Stamatis Tsantanis, the Company's Chairman & Chief Executive Officer, stated:
"In the first half of the year, charter rates recovered significantly from the historical lows of 2016. As expected, our low operating cost structure helped Seanergy achieve positive operating income in the second quarter of 2017 for the first time since rebuilding our fleet in 2015. This is an important milestone demonstrating our Company's earnings potential during a positive market trend. It should be noted that, although, during the first half of 2017 Capesize Baltic daily rates have risen by around 146%, compared to the first half of 2016, they have not yet reached mid-cycle levels relative to historical rates and, for that reason, we are optimistic that rate improvements will continue. Our average Capesize time charter equivalent rate for the second quarter of 2017 was $12,720 per day, up 139% as compared to $5,315 per day for the second quarter of 2016 and up 54% sequentially from first quarter of 2017.1
"Furthermore, we are particularly pleased about expanding our fleet at a time of historical market weakness, as the indicative market values of 5-year old secondhand Capesizes have risen by around 40% compared to the end of 2016. The successful execution of our business plan puts us in an advantageous position to capitalize on the long term recovery we expect to see in the dry bulk market.
"In the second quarter, we took delivery of the 2012 Korean built Capesize M/V Partnership, which commenced its 12-18 months' time charter with a major European utilities company in June at a gross rate of $16,200 per day. Our modern fleet now consists of nine Capesize vessels and two Supramax vessels with a combined cargo carrying capacity of 1.7 million dwt.
"In June 2017, we terminated our At-The-Market equity offering program as we remain committed to optimizing our financing activities so as to best serve the interests of our shareholders. Over the past year we have utilized equity offering proceeds to carry out three vessels' acquisitions and finance the prepayments for the early termination of a credit facility.

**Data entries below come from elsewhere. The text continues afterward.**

text \<open>If \<open>X\<close> is shattered, every \<open>Y \<subseteq> X\<close> is traced on \<open>X\<close> by the difference tri-edge of
  some pair \<open>(v, w)\<close>: members of \<open>Y\<close> lie in no set of \<open>\<F>\<close> together with \<open>v\<close> and in more than
  \<open>\<epsilon>|\<F>|\<close> sets together with \<open>w\<close>, while non-members fail one of these by a factor 2.
  Draw \<open>k \<approx> 1600/\<epsilon>\<close> members of \<open>\<F>\<close> with replacement and estimate \<open>Y\<close> as the set of
  \<open>u \<in> X\<close> sharing no drawn set with \<open>v\<close> and at least \<open>3k\<epsilon>/4\<close> drawn sets with \<open>w\<close>.
  By Chebyshev's inequality and the avoidance probability, each \<open>u \<notin> {v, w}\<close> is misclassified
  with probability at most \<open>16/(k\<epsilon>) \<le> 1/100\<close>, so for at least half of the samples the
  estimate is within Hamming distance \<open>r = 4 + |X|/50\<close> of \<open>Y\<close>.  The estimate depends on
  \<open>v\<close> and \<open>w\<close> only through which drawn sets contain them, so one sample yields at most
  \<open>4\<^sup>k\<close> estimates, each within distance \<open>r\<close> of at most \<open>2\<^sup>r(3/2)\<^bsup>|X|\<^esup>\<close> sets.
  Double counting pairs (sample, \<open>Y\<close>) gives \<open>2\<^bsup>|X|\<^esup> \<le> 2 \<cdot> 4\<^sup>k 2\<^sup>r (3/2)\<^bsup>|X|\<^esup>\<close>,
  hence \<open>|X| = O(1/\<epsilon>)\<close>, which is stronger than the claimed bound.\<close>

section \<open>Sampling with replacement\<close>

text \<open>Sums over \<open>samples F k\<close> are \<open>|F|\<^sup>k\<close> times expectations over \<open>k\<close> independent uniform
  draws from \<open>F\<close>.\<close>

definition samples :: "'b set \<Rightarrow> nat \<Rightarrow> 'b list set" where
  "samples F k = {xs. set xs \<subseteq> F \<and> length xs = k}"

definition hits :: "'b set \<Rightarrow> 'b list \<Rightarrow> nat" where
  "hits G xs = length (filter (\<lambda>S. S \<in> G) xs)"

lemma finite_samples: "finite F \<Longrightarrow> finite (samples F k)"
  unfolding samples_def by (rule finite_lists_length_eq)

lemma card_samples: "finite F \<Longrightarrow> card (samples F k) = card F ^ k"
  unfolding samples_def by (rule card_lists_length_eq)

lemma set_subset_if_samples: "xs \<in> samples F k \<Longrightarrow> set xs \<subseteq> F"
  unfolding samples_def by simp

lemma sum_samples_Suc:
  assumes "finite F"
  shows "(\<Sum>xs\<in>samples F (Suc k). f xs) = (\<Sum>x\<in>F. \<Sum>xs\<in>samples F k. f (x # xs))"
proof -
  have "(\<Sum>xs\<in>samples F (Suc k). f xs) = (\<Sum>(xs, x)\<in>samples F k \<times> F. f (x # xs))"
    unfolding samples_def lists_length_Suc_eq
    by (subst sum.reindex) (auto simp: inj_on_def case_prod_unfold)
  also have "\<dots> = (\<Sum>xs\<in>samples F k. \<Sum>x\<in>F. f (x # xs))"
    by (simp add: sum.cartesian_product)
  also have "\<dots> = (\<Sum>x\<in>F. \<Sum>xs\<in>samples F k. f (x # xs))"
    by (rule sum.swap)
  finally show ?thesis .
qed

lemma hits_Cons: "hits G (x # xs) = of_bool (x \<in> G) + hits G xs"
  by (simp add: hits_def)

lemma sum_hits:
  assumes "finite F" "G \<subseteq> F"
  shows "(\<Sum>xs\<in>samples F k. real (hits G xs)) * real (card F) = real k * real (card G) * real (card F) ^ k"
proof (induction k)
  case 0
  then show ?case by (simp add: samples_def hits_def)
next
  case (Suc k)
  have "(\<Sum>xs\<in>samples F (Suc k). real (hits G xs))
      = (\<Sum>x\<in>F. of_bool (x \<in> G) * real (card F ^ k) + (\<Sum>xs\<in>samples F k. real (hits G xs)))"
    unfolding sum_samples_Suc[OF assms(1)] hits_Cons
    by (simp add: sum.distrib card_samples[OF assms(1)] mult.commute)
  also have "\<dots> = card G * real (card F ^ k) + card F * (\<Sum>xs\<in>samples F k. real (hits G xs))"
    using assms by (simp add: sum.distrib sum_distrib_right[symmetric] Int_absorb1)
  finally show ?case using Suc by (simp add: algebra_simps)
qed

lemma sum_hits_squared:
  assumes "finite F" "G \<subseteq> F"
  shows "(\<Sum>xs\<in>samples F k. real (hits G xs) ^ 2) * real (card F) ^ 2
     = real (card F) ^ k * (real k * real (card G) * real (card F) + real k * (real k - 1) * real (card G) ^ 2)"
proof (induction k)
  case 0
  then show ?case by (simp add: samples_def hits_def)
next
  case (Suc k)
  let ?m = "real (card F)" and ?g = "real (card G)"
  let ?S1 = "\<Sum>xs\<in>samples F k. real (hits G xs)" and ?S2 = "\<Sum>xs\<in>samples F k. real (hits G xs) ^ 2"
  have "(\<Sum>xs\<in>samples F (Suc k). real (hits G xs) ^ 2)
      = (\<Sum>x\<in>F. of_bool (x \<in> G) * ?m ^ k + 2 * of_bool (x \<in> G) * ?S1 + ?S2)"
  proof -
    have "(of_bool b + h) ^ 2 = of_bool b + 2 * of_bool b * h + h ^ 2" for b and h :: real
      by (cases b) (simp_all add: power2_eq_square algebra_simps)
    then show ?thesis
      unfolding sum_samples_Suc[OF assms(1)] hits_Cons
      by (simp add: sum.distrib sum_distrib_left card_samples[OF assms(1)] mult.commute)
  qed
  also have "\<dots> = ?g * ?m ^ k + 2 * ?g * ?S1 + ?m * ?S2"
    using assms by (simp add: sum.distrib sum_distrib_right[symmetric] Int_absorb1)
  finally have "(\<Sum>xs\<in>samples F (Suc k). real (hits G xs) ^ 2) * ?m ^ 2
      = ?g * ?m ^ (k + 2) + 2 * ?g * ?m * (?S1 * ?m) + ?m * (?S2 * ?m ^ 2)"
    by (simp add: algebra_simps power2_eq_square)
  also have "\<dots> = ?g * ?m ^ (k + 2) + 2 * ?g * ?m * (k * ?g * ?m ^ k)
      + ?m * (?m ^ k * (k * ?g * ?m + k * (real k - 1) * ?g ^ 2))"
    using sum_hits[OF assms, of k] Suc by simp
  also have "\<dots> = ?m ^ Suc k * (Suc k * ?g * ?m + Suc k * (real (Suc k) - 1) * ?g ^ 2)"
    by (simp add: algebra_simps power2_eq_square)
  finally show ?case .
qed

lemma sum_hits_deviation_squared_le:
  assumes "finite F" "G \<subseteq> F"
  shows "(\<Sum>xs\<in>samples F k. (real (card F) * hits G xs - real k * card G) ^ 2)
    \<le> real k * real (card G) * real (card F) ^ Suc k"
proof -
  let ?m = "real (card F)" and ?g = "real (card G)"
  let ?S1 = "\<Sum>xs\<in>samples F k. real (hits G xs)" and ?S2 = "\<Sum>xs\<in>samples F k. real (hits G xs) ^ 2"
  have "(\<Sum>xs\<in>samples F k. (?m * hits G xs - k * ?g) ^ 2)
      = (\<Sum>xs\<in>samples F k. ?m ^ 2 * hits G xs ^ 2 - 2 * k * ?g * ?m * hits G xs + (k * ?g) ^ 2)"
    by (simp add: power2_eq_square algebra_simps)
  also have "\<dots> = ?S2 * ?m ^ 2 - 2 * k * ?g * (?S1 * ?m) + (k * ?g) ^ 2 * ?m ^ k"
    by (simp add: sum.distrib sum_subtractf sum_distrib_left card_samples[OF assms(1)] algebra_simps)
  also have "\<dots> = ?m ^ k * (k * ?g * ?m + k * (real k - 1) * ?g ^ 2)
      - 2 * k * ?g * (k * ?g * ?m ^ k) + (k * ?g) ^ 2 * ?m ^ k"
    by (simp add: sum_hits[OF assms] sum_hits_squared[OF assms])
  also have "\<dots> = ?m ^ k * (k * ?g * ?m - k * ?g ^ 2)"
    by (simp add: algebra_simps power2_eq_square)
  also have "\<dots> \<le> ?m ^ k * (k * ?g * ?m)"
    by (intro mult_left_mono) auto
  finally show ?thesis
    by (simp add: algebra_simps)
qed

"The combined accretion in value we have created for our shareholders from these transactions is more than $29 million, which is derived from the market value appreciation of the acquisitions and the expected gain due to the early termination and refinancing of one of our facilities.
"Turning to market fundamentals, we expect a steady rise in freight rates and vessel values driven by the increased demand from the end users of dry bulk commodities, and the increase in ton-miles resulting from the expansion of volumes along long-haul trades at a time of a historical reduction in fleet growth.
"We believe Seanergy is well positioned to capitalize on favorable industry trends and we continue to actively pursue additional vessel acquisitions.
"Lastly, we regained compliance with Nasdaq minimum bid price requirement without resorting in reverse stock splits or other dilutive actions."
1 Time charter equivalent ("TCE") rate is a non-GAAP measure. Please see the reconciliation below of TCE rate to net revenues from vessels, the most directly comparable U.S. GAAP measure.
Company Fleet:
Vessel Name Vessel Class Capacity (in dwt) Year Built Yard
Championship Capesize 179,238 2011 Sungdong§ Partnership * Capesize 179,213 2012 Hyundai
Knightship Capesize 178,978 2010 Hyundai§ Lordship ** Capesize 178,838 2010 Hyundai
Gloriuship Capesize 171,314 2004 Hyundai § Leadership Capesize 171,199 2001§Koyo - Imabari
Geniuship Capesize 170,057 2010 Sungdong § Premiership Capesize 170,024 2010 Sungdong § Squireship Capesize 170,018 2010 Sungdong § Guardianship Supramax 56,884 2011§CSC Jinling
Gladiatorship Supramax 56,819 2010§CSC Jinling Total / Average 1,682,582 8.4 years * The M/V Partnership is chartered to a European utility company for a period of about twelve to about eighteen months at a daily rate of $16,200. Employment under the agreement commenced in June 2017.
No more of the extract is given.